The woman who is married and has children can fulfill herself by being a wife and a mother; the woman who is not married and does not have children can fulfill herself by being a teacher or a nurse; a woman should not try to “have it all” by being both a wife and mother and a teacher or nurse at the same time as that ends up harming her primary role as wife and mother.
Laura writes:
The certification and training required to become a nurse or a teacher are much different than they were in the day when largely unmarried or childless women were nurses and teachers. These requirements make it much more complicated for women in significant numbers to do either job for just a few years before marrying and having children. They also make it more difficult for a woman who discovers later that she is never going to marry to become a teacher or a nurse. These jobs also come with salaries that make it much more possible today to actually support a family on them, which is why they are more appropriate for men than they were in the past.
Jill F. writes:
There is one more thing I would add to Laura’s list in the original entry. An entire generation of young people will grow up with material affluence and a loss of conscience as they internalize the values of their parents who have chosen to put material possessions first.

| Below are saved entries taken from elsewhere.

lemma based_homotopic_path_conj_reversepath:
  fixes \<gamma> :: "real \<Rightarrow> 'b::metric_space" and d0 :: "'a::euclidean_space"
  assumes r: "conj_retraction d0 r" and d0: "d0 \<in> sphere 0 1"
    and \<gamma>: "path \<gamma>" "path_image \<gamma> \<subseteq> X" and \<alpha>: "\<alpha> \<in> nloops d0 X (\<gamma> 1)"
  shows "based_homotopic d0 X (\<gamma> 1) \<alpha> (path_conj r (reversepath \<gamma>) (path_conj r \<gamma> \<alpha>))"
proof -
  let ?S = "sphere (0::'a) 1"
  let ?T = "?S \<times> {0::real} \<union> {d0} \<times> {0..1}"
  note r_into = conj_retractionD(2)[OF r] and r_fix = conj_retractionD(3)[OF r]
  have \<alpha>_cont: "continuous_on ?S \<alpha>" and \<alpha>X: "\<alpha> ` ?S \<subseteq> X" and \<alpha>_base: "\<alpha> d0 = \<gamma> 1"
    using \<alpha> by (auto simp: nloops_def)
  \<comment> \<open>F runs the gluing backwards: F(-, 0) = \<gamma> * \<alpha> and F(-, 1) = \<alpha>.\<close>
  define F where "F = glue_loop_path \<gamma> \<alpha> \<circ> (\<lambda>p. r (fst p, 1 - snd p))"
  have r_into': "r (fst p, 1 - snd p) \<in> ?T" if "p \<in> ?S \<times> {0..1}" for p
    using r_into[of "fst p" "1 - snd p"] that by (auto simp del: mem_sphere)
  have glue_cont: "continuous_on ?T (glue_loop_path \<gamma> \<alpha>)"
    using \<alpha>_cont \<alpha>_base \<gamma>(1) unfolding path_def by (intro continuous_on_glue_loop_path) auto
  have "continuous_on (?S \<times> {0..1}) (\<lambda>p. r (fst p, 1 - snd p))"
    by (intro continuous_intros continuous_on_compose2[OF conj_retractionD(1)[OF r]]) auto
  moreover have "(\<lambda>p. r (fst p, 1 - snd p)) ` (?S \<times> {0..1}) \<subseteq> ?T"
    by (rule image_subsetI) (rule r_into')
  ultimately have "continuous_on (?S \<times> {0..1}) F"
    unfolding F_def by (intro continuous_on_compose continuous_on_subset[OF glue_cont])
  moreover have "F ` (?S \<times> {0..1}) \<subseteq> X"
    by (rule image_subsetI) (simp add: F_def glue_loop_path_in[OF r_into' d0 \<alpha>X \<gamma>(2)])
  moreover have "F (d0, \<sigma>) = reversepath \<gamma> (1 - \<sigma>)" if "\<sigma> \<in> {0..1}" for \<sigma>
    using r_fix[of "(d0, 1 - \<sigma>)"] that \<alpha>_base
    by (simp add: F_def glue_loop_path_def reversepath_def)
  ultimately have hom: "based_homotopic d0 X (reversepath \<gamma> 0) (\<lambda>t. F (t, 1))
      (path_conj r (reversepath \<gamma>) (\<lambda>u. F (u, 0)))"
    by (intro based_homotopic_path_conj_of_track[OF r d0]) auto
  have "(\<lambda>u. F (u, 0)) = path_conj r \<gamma> \<alpha>"
    by (simp add: F_def path_conj_eq_glue_loop_path fun_eq_iff)
  moreover have "reversepath \<gamma> 0 = \<gamma> 1"
    by (simp add: reversepath_def)
  ultimately have "based_homotopic d0 X (\<gamma> 1) (\<lambda>t. F (t, 1))
      (path_conj r (reversepath \<gamma>) (path_conj r \<gamma> \<alpha>))"
    using hom by simp
  then show ?thesis
  proof (rule homotopic_with_eq)
    fix t assume "t \<in> topspace (top_of_set ?S)"
    then show "\<alpha> t = F (t, 1)"
      using r_fix[of "(t, 0)"] by (simp add: F_def glue_loop_path_def)
  qed (use d0 in auto)
qed
lemma fan_copies_vertex_labels:
  "(\<lambda>v. fan_copies_labeling m n (Inl v)) ` fst (copies m (fan n)) = {1..m * (n + 1)}"
proof -
  have V: "fst (copies m (fan n)) = {..<m} \<times> {..<n + 1}"
    by (auto simp: fst_copies fan_def)
  have "(\<lambda>v. fan_copies_labeling m n (Inl v)) ` fst (copies m (fan n)) =
      (\<lambda>(r, s). m * s + r + 1) ` ({..<m} \<times> {..<n + 1})"
    unfolding V by (rule image_cong) (auto simp: fan_copies_labeling_simps)
  also have "\<dots> = {1..m * (n + 1)}"
    using bij_betw_mixed_radix by (rule bij_betw_imp_surj_on)
  finally show ?thesis .
qed

theorem theorem2:
  fixes m n :: nat
  assumes "m \<ge> 2" and "n \<ge> 3"
  shows "H_supermagic (copies m (fan n)) (cycle_graph 3)"
proof -
  let ?G = "copies m (fan n)" and ?lab = "fan_copies_labeling m n"
  have bij: "bij_betw ?lab (fst ?G <+> snd ?G) {1..m * (3 * n)}"
    unfolding fan_copies_labeling_def
    using simple_graph_fan bij_betw_fan_copy_label by (rule bij_betw_copies_labeling) (use assms in simp)
  then have "finite (fst ?G)" "finite (snd ?G)"
    using bij_betw_finite[OF bij] by simp_all
  with bij have card: "card (fst ?G) + card (snd ?G) = m * (3 * n)"
    by (simp add: bij_betw_same_card card_Plus[symmetric])
  have card_V: "card (fst ?G) = m * (n + 1)"
    by (simp add: fst_copies fan_def card_cartesian_product)
  have magic: "\<forall>G'\<in>H_subgraphs ?G (cycle_graph 3).
      (\<Sum>v\<in>fst G'. ?lab (Inl v)) + (\<Sum>e\<in>snd G'. ?lab (Inr e)) = m * (7 * n + 4) + 3"
    by (metis fan_copies_H_subgraphs_cycle3 fan_copies_triangle_weight)
  have "H_supermagic_labeling ?G (cycle_graph 3) ?lab"
    unfolding H_supermagic_labeling_def H_magic_labeling_def Plus_def[symmetric] card
    unfolding card_V
    using bij magic fan_copies_vertex_labels by blast
  moreover have "H_covering ?G (cycle_graph 3)"
    using assms(2) by (intro fan_copies_covering_cycle3) simp
  ultimately show ?thesis
    unfolding H_supermagic_def by blast
qed

end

Our eldest son works in a outdoor program called the School of Urban and Wilderness Survival. He has many wealthy young men who were raised by housekeepers in the program. They are rebellious, angry and are on the brink of felony convictions. Their parents pay a lot of money to have them live and work in a very rough camping environment (picture the movie Holes) in order to try a last ditch effort to turn their lives around.
The program is effective because the boys learn to build their own fires with a wood bow fire drill and cook their own simple meals (if they don’t learn the skills they go hungry) and take responsibility. They gain a sense of who they are…they gain a sense of worth; something they didn’t get from their parents.
My son told me he was sitting around the campfire listening to the boys argue whose parents owned more property in the most states and he had to correct them on their manners because no one had taught them to wipe their mouths after they ate.
May God turn the hearts of the Brazilian mamas back to their babies and deliver the country of Brazil from a future filled with angry young wealthy men.